12/23/1996
Bill Knight / El Paso Times
Tim Floyd sat calmly on press row, chatting with old friends, signing autographs. Children, young adults, older fans came politely up to Floyd, asking for his signature.
"Merry Christmas, Tim Floyd," he signed over and over and over.
Another victory was behind him. His basketball team was ranked fifth in the nation. He warmly, casually, confidently embraced celebrity.
Life is good.
Though Floyd seems to have that Dick Clark disease - he looks exactly the same as he did 20 years ago - much has changed in his life since his days as graduate assistant and then assistant coach for Don Haskins at UTEP.

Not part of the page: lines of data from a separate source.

theorem lemma3p5:
  fixes B :: "'a set" and f :: "'a \<Rightarrow> 'a set"
  assumes "finite B" and "card B \<ge> 2" and "A_shop B f"
  shows "\<exists>g \<in> gen_DSM B f. A_shop B g \<and>
           (\<exists>b B' B''. b \<in> B \<and> B' \<subseteq> B \<and> B'' \<subseteq> B \<and> B' \<noteq> {} \<and>
              b \<notin> B' \<and> b \<notin> B'' \<and> B' \<inter> B'' = {} \<and> {b} \<union> B' \<union> B'' = B \<and>
              g b = B \<and>
              (\<forall>x\<in>B'. g x = {x}) \<and>
              (\<forall>x\<in>B''. \<exists>y\<in>B'. g x = {y}))"
proof -
  obtain b where b: "b \<in> B" "f b = B" and "shop B f" using assms(3) unfolding A_shop_def by blast
  have DSM: "DSM B (gen_DSM B f)" using DSM_gen_DSM[OF \<open>shop B f\<close>] .
  have "card (B - {b}) \<noteq> 0" using card_Diff_singleton[OF b(1)] assms(2) by simp
  then obtain d where d: "d \<in> B" "d \<noteq> b" by (metis DiffE card.empty ex_in_conv singletonI)
  obtain h where h: "shop B h" "sub_shop h f" "h b = B" "\<forall>x\<in>B - {b}. \<exists>y. h x = {y}"
    using sub_shop_pointed_singletons_exists[OF \<open>shop B f\<close> b] .
  have "h \<in> gen_DSM B f"
    using DSM_sub_shop_mem[OF DSM mem_gen_DSM[OF \<open>shop B f\<close>] h(1,2)] .
  obtain n where e: "shop_comp (shop_pow B h n) (shop_pow B h n) = shop_pow B h n"
    "shop_pow B h n b = B" "\<forall>x\<in>B. shop_pow B h n x = B \<or> (\<exists>y. shop_pow B h n x = {y})"
    using pointed_shop_idempotent_power_exists[OF assms(1) h(1) b(1) h(3,4)] .
  obtain g B' B'' where g: "shop B g" "sub_shop g (shop_pow B h n)" "g b = B" "B' \<noteq> {}"
    "b \<notin> B'" "b \<notin> B''" "B' \<inter> B'' = {}" "{b} \<union> B' \<union> B'' = B"
    "\<forall>x\<in>B'. g x = {x}" "\<forall>x\<in>B''. \<exists>y\<in>B'. g x = {y}"
    using idempotent_shop_retract_exists[OF shop_shop_pow[OF h(1)] e(1) b(1) e(2) d e(3)] .
  have "g \<in> gen_DSM B f"
    using DSM_sub_shop_mem[OF DSM DSM_shop_pow_mem[OF DSM \<open>h \<in> gen_DSM B f\<close>] g(1,2)] .
  moreover have "A_shop B g" using g(1,3) b(1) unfolding A_shop_def by blast
  ultimately show ?thesis using g(3-) b(1) by blast
qed
lemma card_PiE_constant_on_le:
  assumes "x\<^sub>0 \<in> I" and "finite I" and "finite C" and "finite Q"
  shows "card {\<alpha> \<in> I \<rightarrow>\<^sub>E Q. card (\<alpha> ` I \<union> C) \<le> 1} \<le> card Q"
proof (rule card_inj_on_le)
  show "inj_on (\<lambda>\<alpha>. \<alpha> x\<^sub>0) {\<alpha> \<in> I \<rightarrow>\<^sub>E Q. card (\<alpha> ` I \<union> C) \<le> 1}"
  proof (rule inj_onI)
    fix \<alpha> \<beta>
    assume "\<alpha> \<in> {\<alpha> \<in> I \<rightarrow>\<^sub>E Q. card (\<alpha> ` I \<union> C) \<le> 1}"
      and "\<beta> \<in> {\<alpha> \<in> I \<rightarrow>\<^sub>E Q. card (\<alpha> ` I \<union> C) \<le> 1}" and "\<alpha> x\<^sub>0 = \<beta> x\<^sub>0"
    then have \<alpha>: "\<alpha> \<in> I \<rightarrow>\<^sub>E Q" "card (\<alpha> ` I \<union> C) \<le> 1"
      and \<beta>: "\<beta> \<in> I \<rightarrow>\<^sub>E Q" "card (\<beta> ` I \<union> C) \<le> 1"
      by blast+
    have const: "\<gamma> x = \<gamma> x\<^sub>0" if "card (\<gamma> ` I \<union> C) \<le> 1" "x \<in> I" for \<gamma> x
    proof -
      have "\<forall>a\<in>\<gamma> ` I \<union> C. \<forall>b\<in>\<gamma> ` I \<union> C. a = b"
        using that(1) assms(2,3) card_le_Suc0_iff_eq[of "\<gamma> ` I \<union> C"] by simp
      then show ?thesis using that(2) assms(1) by blast
    qed
    have "\<alpha> x = \<beta> x" for x
    proof (cases "x \<in> I")
      case True
      then show ?thesis using const[OF \<alpha>(2)] const[OF \<beta>(2)] \<open>\<alpha> x\<^sub>0 = \<beta> x\<^sub>0\<close> by simp
    next
      case False
      then show ?thesis using PiE_arb[OF \<alpha>(1) False] PiE_arb[OF \<beta>(1) False] by simp
    qed
    then show "\<alpha> = \<beta>" ..
  qed
qed (use assms(1,4) in \<open>auto intro: PiE_mem\<close>)

section \<open>Hypergraph degrees\<close>

lemma finite_edges: "hypergraph V E \<Longrightarrow> finite E"
  unfolding hypergraph_def by (meson Pow_iff finite_Pow_iff rev_finite_subset subsetI)

lemma vdegree_le_max_degree: "finite V \<Longrightarrow> u \<in> V \<Longrightarrow> vdegree E u \<le> max_degree V E"
  by (auto simp: max_degree_def)

definition neighbour_edges :: "'a set set \<Rightarrow> 'a set \<Rightarrow> 'a set set" where
  "neighbour_edges E e = {f \<in> E. f \<noteq> e \<and> f \<inter> e \<noteq> {}}"

lemma card_neighbour_edges_le:
  assumes "finite E" and "e \<in> E" and "finite e" and "\<forall>u\<in>e. vdegree E u \<le> D"
  shows "card (neighbour_edges E e) \<le> card e * (D - 1)"
proof -
  have "neighbour_edges E e \<subseteq> (\<Union>u\<in>e. {f \<in> E. u \<in> f} - {e})"
    unfolding neighbour_edges_def by blast
  then have "card (neighbour_edges E e) \<le> card (\<Union>u\<in>e. {f \<in> E. u \<in> f} - {e})"
    using assms(1,3) by (intro card_mono) auto
  also have "\<dots> \<le> (\<Sum>u\<in>e. card ({f \<in> E. u \<in> f} - {e}))"
    using assms(3) by (rule card_UN_le)
  also have "\<dots> \<le> (\<Sum>u\<in>e. D - 1)"
  proof (rule sum_mono)
    fix u assume "u \<in> e"
    then have "card ({f \<in> E. u \<in> f} - {e}) = vdegree E u - 1"
      using assms(1,2) by (simp add: vdegree_def card_Diff_singleton)
    then show "card ({f \<in> E. u \<in> f} - {e}) \<le> D - 1"
      using assms(4) \<open>u \<in> e\<close> diff_le_mono[of "vdegree E u" D 1] by simp
  qed
  finally show ?thesis by simp
qed
(* Let $(X,T)$ be a minimal topological dynamical system with $X$ compact metrisable and $T$ abelian, with maximal equicontinuous factor map $\pi:X\to X_{max}$, and let $e$ be a minimal idempotent of its Ellis semigroup $E$. Let $s:X_{max}\to{\mathcal H}_e$ be a map with $ev_0\circ\pi_*\circ s={\mathrm{id}}$ and $s\circ\delta^t=\alpha^t\circ s$ for all $t\in T$. Let $f\in K_e$ with $f\neq e$ and let $a\in X_{max}$. Then $\mathrm{supp}(s(a)fs(a)^{-1})=\mathrm{supp}(f)+a$, where $s(a)^{-1}$ is the inverse in ${\mathcal H}_e$.
   Context: $T$ acts on $X$ by homeomorphisms $\alpha^t$. $E$ is the closure of $\{\alpha^t\}$ in $X^X$ (pointwise convergence, composition as product); minimal idempotents are idempotents of its smallest two-sided ideal. ${\mathcal H}_e=eEe$ is the structure group, a group with identity $e$. Since $(X,T)$ is minimal and $T$ abelian, $X_{max}$ is a compact abelian group (written additively, neutral element $0$) on which $T$ acts by translations $\delta^t$; its Ellis semigroup $E(X_{max})$ is a group and evaluation at $0$, $ev_0:E(X_{max})\to X_{max}$, is an isomorphism. $\pi_*:E(X)\to E(X_{max})$ is the induced epimorphism $\pi_*(g)(\pi(x))=\pi(g(x))$. $K_e$ is the subgroup of ${\mathcal H}_e$ of elements $g$ preserving the fibres of $\pi$ (i.e. $\pi(g(x))=\pi(x)$ for all $x$). For $g\in{\mathcal H}_e$, $g$ acts trivially at $\xi\in X_{max}$ if all points of $e(\pi^{-1}(\xi))$ are fixed by $g$, and $\mathrm{supp}(g)$ is the set of points at which $g$ does not act trivially. *)

theory Defs
  imports "HOL-Analysis.Analysis"
begin

definition action_by_homeos :: "('t::ab_group_add \<Rightarrow> 'a::topological_space \<Rightarrow> 'a) \<Rightarrow> bool" where
  "action_by_homeos \<alpha> \<longleftrightarrow> \<alpha> 0 = id \<and> (\<forall>s t. \<alpha> (s + t) = \<alpha> s \<circ> \<alpha> t)
     \<and> (\<forall>t. continuous_on UNIV (\<alpha> t))"

definition minimal_system :: "('t \<Rightarrow> 'a::topological_space \<Rightarrow> 'a) \<Rightarrow> bool" where
  "minimal_system \<alpha> \<longleftrightarrow> (\<forall>x. closure (range (\<lambda>t. \<alpha> t x)) = UNIV)"

definition equicontinuous_family :: "'b::metric_space set \<Rightarrow> ('t \<Rightarrow> 'b \<Rightarrow> 'b) \<Rightarrow> bool" where
  "equicontinuous_family Y \<beta> \<longleftrightarrow> (\<forall>\<epsilon>>0. \<exists>\<delta>>0. \<forall>y\<in>Y. \<forall>y'\<in>Y.
      dist y y' < \<delta> \<longrightarrow> (\<forall>t. dist (\<beta> t y) (\<beta> t y') < \<epsilon>))"
lemma independent_if_valuation_inj_on:
  assumes v: "is_valuation scale \<nu>" and "0 \<notin> A" "inj_on \<nu> A"
  shows "independent A"
  unfolding independent_explicit_module
proof (intro allI impI)
  fix t u w
  assume t: "finite t" "t \<subseteq> A" "(\<Sum>v\<in>t. u v *s v) = 0" "w \<in> t"
  define T where "T = {v\<in>t. u v \<noteq> 0}"
  have sum_eq: "(\<Sum>v\<in>T. u v *s v) = (\<Sum>v\<in>t. u v *s v)"
    using t(1) by (intro sum.mono_neutral_left) (auto simp: T_def)
  have T: "finite T" "T \<subseteq> A" "\<forall>v\<in>T. u v \<noteq> 0" using t(1,2) by (auto simp: T_def)
  have "inj_on \<nu> T" using assms(3) T(2) by (rule inj_on_subset)
  show "u w = 0"
  proof (rule ccontr)
    assume "u w \<noteq> 0"
    then have "T \<noteq> {}" using t(4) by (auto simp: T_def)
    then have "(\<Sum>v\<in>T. u v *s v) \<noteq> 0"
      using valuation_sum_inj_on[OF v T(1) _ _ \<open>inj_on \<nu> T\<close> T(3)] T(2) assms(2) by blast
    with sum_eq t(3) show False by simp
  qed
qed
theorem theorem1:
  fixes m n :: nat and u :: "nat \<Rightarrow> nat \<Rightarrow> nat" and eps :: real
  assumes "m \<ge> 1" and "n \<ge> 1"
    and "valid_profile m n u"
    and "0 < eps" and "eps < min (1 / real m) (1 / real n)"
  shows
    "(\<forall>b. PNE m n u eps b \<longrightarrow>
         card (W m n b) \<in> {1, m} \<and>
         (card (W m n b) = m \<longleftrightarrow>
            trivial_ballot n b \<and> (\<forall>i\<in>voters n. top m u i = 1)))
   \<and> (\<forall>b. PNE m n u eps b \<longrightarrow> card {i \<in> voters n. b i \<noteq> None} \<le> 1)
   \<and> ((\<exists>b. PNE m n u eps b) \<longleftrightarrow>
         (\<forall>i\<in>voters n. top m u i = 1) \<or> (\<exists>j. good_cand m n u j))
   \<and> ((\<forall>i\<in>voters n. top m u i = 1) \<longrightarrow>
         (\<forall>b. PNE m n u eps b \<longrightarrow> winner m n b = 1))
   \<and> (\<forall>j j'. good_cand m n u j \<and> good_cand m n u j' \<longrightarrow> j = j')
   \<and> (\<forall>j. good_cand m n u j \<longrightarrow> (\<forall>b. PNE m n u eps b \<longrightarrow> winner m n b = j))"
proof -
  have "1 / real m \<le> 1" using assms(1) by simp
  then have "eps < 1" using assms(5) by linarith
  note game = assms(1,3,4) this
  show ?thesis
    using PNE_card_W[OF game] PNE_card_voters[OF game] PNE_exists_iff[OF game]
      PNE_winner_if_tops_1[OF game] good_cand_unique[OF assms(1,3)] PNE_winner_good_cand[OF game]
    by blast
qed

end
(* Let $\Lambda$ denote the von Mangoldt function and let $\varepsilon>0$ be a small number. Then, as $x\to\infty$, \[ \sum_{n\leq x} \Lambda\left( [x/n]+1 \right) = c_0 x + O\left( x^{(2+\varepsilon)/3}\log^2 x \right), \] where the density constant is \[ c_0=\sum_{n\geq 1}\frac{\Lambda(n+1)}{n(n+1)}\geq 0.7553658. \]
   Context: $[t]$ denotes the largest integer not exceeding $t$. The von Mangoldt function is $\Lambda(m)=\log p$ if $m=p^k$ for a prime $p$ and an integer $k\geq 1$, and $\Lambda(m)=0$ otherwise. The sum is over positive integers $n\le x$. *)

theory Defs
  imports "HOL-Number_Theory.Number_Theory" "HOL-Library.Landau_Symbols"
begin

text \<open>The density constant c0 = sum over n >= 1 of Lambda(n+1) / (n (n+1)),
  written with the shift n = Suc k so that the series is indexed from 0.\<close>
definition c0_term :: "nat \<Rightarrow> real" where
  "c0_term k = mangoldt (Suc k + 1) / (real (Suc k) * real (Suc k + 1))"

definition c0 :: real where
  "c0 = (\<Sum>k. c0_term k)"

end

theory Submission
  imports Defs "HOL-Real_Asymp.Real_Asymp" "HOL-Analysis.Harmonic_Numbers"
begin

text \<open>Split the sum at K = M div (D + 1), where M = \<lfloor>x\<rfloor> and D \<approx> x^(2/3). The terms n \<le> K
  contribute at most K log x. For n > K the value d = M div n \<le> D is constant on blocks of length
  M / (d (d + 1)) + O(1), so these terms give M \<Sum>(d \<le> D) \<Lambda>(d + 1) / (d (d + 1)) + O(D log x).
  Since \<Lambda>(m) \<le> ln m \<le> 2 \<surd>m, the terms of c0 are dominated by the telescoping differences of
  6 / \<surd>(k + 1), so the tail of c0 beyond D is at most 6 / \<surd>(D + 1) and costs O(x / \<surd>D).
  With D \<approx> x^(2/3) all three errors are O(x^(2/3) log x), which is stronger than claimed.\<close>

lemma telescoping_dominated_tail:
  fixes f g :: "nat \<Rightarrow> real"
  assumes f_nonneg: "\<And>k. 0 \<le> f k" and f_le: "\<And>k. f k \<le> g k - g (Suc k)"
    and g_lim: "g \<longlonglongrightarrow> 0"
  shows "summable f" and "suminf f - (\<Sum>k<D. f k) \<le> g D"
proof -
  have telescope: "(\<lambda>n. g (n + D) - g (Suc n + D)) sums g D" for D
    using telescope_sums'[OF LIMSEQ_ignore_initial_segment[OF g_lim, of D]] by simp
  have f_shift_le: "f (n + D) \<le> g (n + D) - g (Suc n + D)" for n D
    using f_le[of "n + D"] by simp
  show "summable f"
    using f_nonneg f_shift_le[of _ 0]
    by (intro summable_comparison_test'[OF sums_summable[OF telescope[of 0]]]) simp
  then have "suminf f - (\<Sum>k<D. f k) = (\<Sum>n. f (n + D))"
    by (simp add: suminf_minus_initial_segment)
  also have "\<dots> \<le> (\<Sum>n. g (n + D) - g (Suc n + D))"
    using \<open>summable f\<close>
    by (intro suminf_le f_shift_le sums_summable[OF telescope]) (simp add: summable_iff_shift)
  also have "\<dots> = g D" using telescope[of D] by (simp add: sums_iff)
  finally show "suminf f - (\<Sum>k<D. f k) \<le> g D" .
qed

Today he is the high-profile coach at Iowa State, Big Eight Coach of the Year last year ... runner-up for National Coach of the Year. Just a couple of months shy of his 43rd birthday, he is one of college basketball's hot young commodities.
Floyd came to Haskins in 1977 as a graduate assistant, fresh out of college, admittedly not knowing much, but ready to work. And work hard. In the beginning, he made all of $10,000 a year.
Smiling that familiar smile, Floyd said, "I got a raise up to $16,000 and thought I was doing pretty good."
Finally, after helping recruit UTEP to five straight 20-win seasons and regular visits to the NCAA Tournament, Floyd was courted by Abe Lemmons at Texas. So he got a raise to $28,000 a year.
Now, after successful stints as head coach at Idaho and New Orleans, Floyd commands more than half a million dollars a year. Long way from that $10,000.
Floyd steered his car into his beautiful home - a two-story affair in a wooded picture-postcard scene, a house nearly a century old - and Don Haskins cracked, "Tim, this looks just like the house you had in El Paso when you were making $10,000 a year."
Floyd obviously holds Haskins in high esteem ... just as Haskins did his old college coach Henry Iba.
"We do everything here the way Coach Haskins taught me," Floyd said. "Straight up man-to-man defense. What you're seeing is basic El Paso defense."
Floyd's team destroyed East Tennessee State 77-49 Saturday night in the Iowa State Holiday Classic. And Floyd knew Haskins was watching.
"I was on edge at the beginning of the game," he said. "I didn't stand up as much. I kept my butt on the bench, just like I did when I was in El Paso coaching for Coach Haskins.
"At about the 7-minute mark, I called a time out and told my guys `You're not just getting graded. My butt is, too. So if you don't play hard, you won't stay out there on the floor.'
"I'd love to lie to you and tell you I didn't know where Coach Haskins was sitting. But I did. I knew exactly where he was," Floyd said.
But Tim Floyd is no longer just Don Haskins' assistant coach. He has reached a degree of celebrity ... with prospects of greater celebrity well within his reach.
He won 23 games his first season at Iowa State, advancing to the NCAA Tournament. Last year, picked for the conference cellar, with no key players returning, he won 24 games - and the Big Eight Tournament.
Recently, Floyd signed one of the top recruits in the nation. Indiana's Bobby Knight wanted him. So did virtually every other coach in the nation. Floyd got him by visiting the player's family in Slovakia. He was the only coach to make that visit.
Promise fulfilled
That, though, has always been the Floyd way.
Not many people in El Paso ever saw him without either a suitcase in his hand or a phone plastered to his ear. He was always outworking everyone else, always traveling to see a recruit or talking to him on the phone.
Haskins grinned and said, "Mr. Iba told me once not to give up on that young assistant. He's gonna be all right. He's gonna be a good one. I told him I knew it. And he was right."
Sunday morning, Floyd pulled off his jacket and showed everyone his old sweatshirt ... a faded gray job with orange letters: "UTEP Athletics."
Floyd's wife Beverly said, "I remember when we got that raise from $10,000 to $16,000. It was so good. It seemed like more at the time than we got when we came here."
Life was good then. Now it is better than good.
Tim, Beverly and their beautiful 15-year-old daughter Shannon still have some roots in El Paso; many old friends.
It has been a long journey from El Paso to Ames. Yet Floyd retains three elements that always set him apart to everyone who ever met him - a devilish sense of humor, an untiring work ethic and class with a capital C.
A small boy walked up to the Iowa State coach and asked for an autograph. "Could you sign this other one for my brother? It's his birthday."
"Sure," Floyd said, flashing that big-league smile. "What's your brother's name?"
Celebrity fits Floyd so well ... far better than that old UTEP sweatshirt.
Bill Knight covers UTEO basketball for the Times.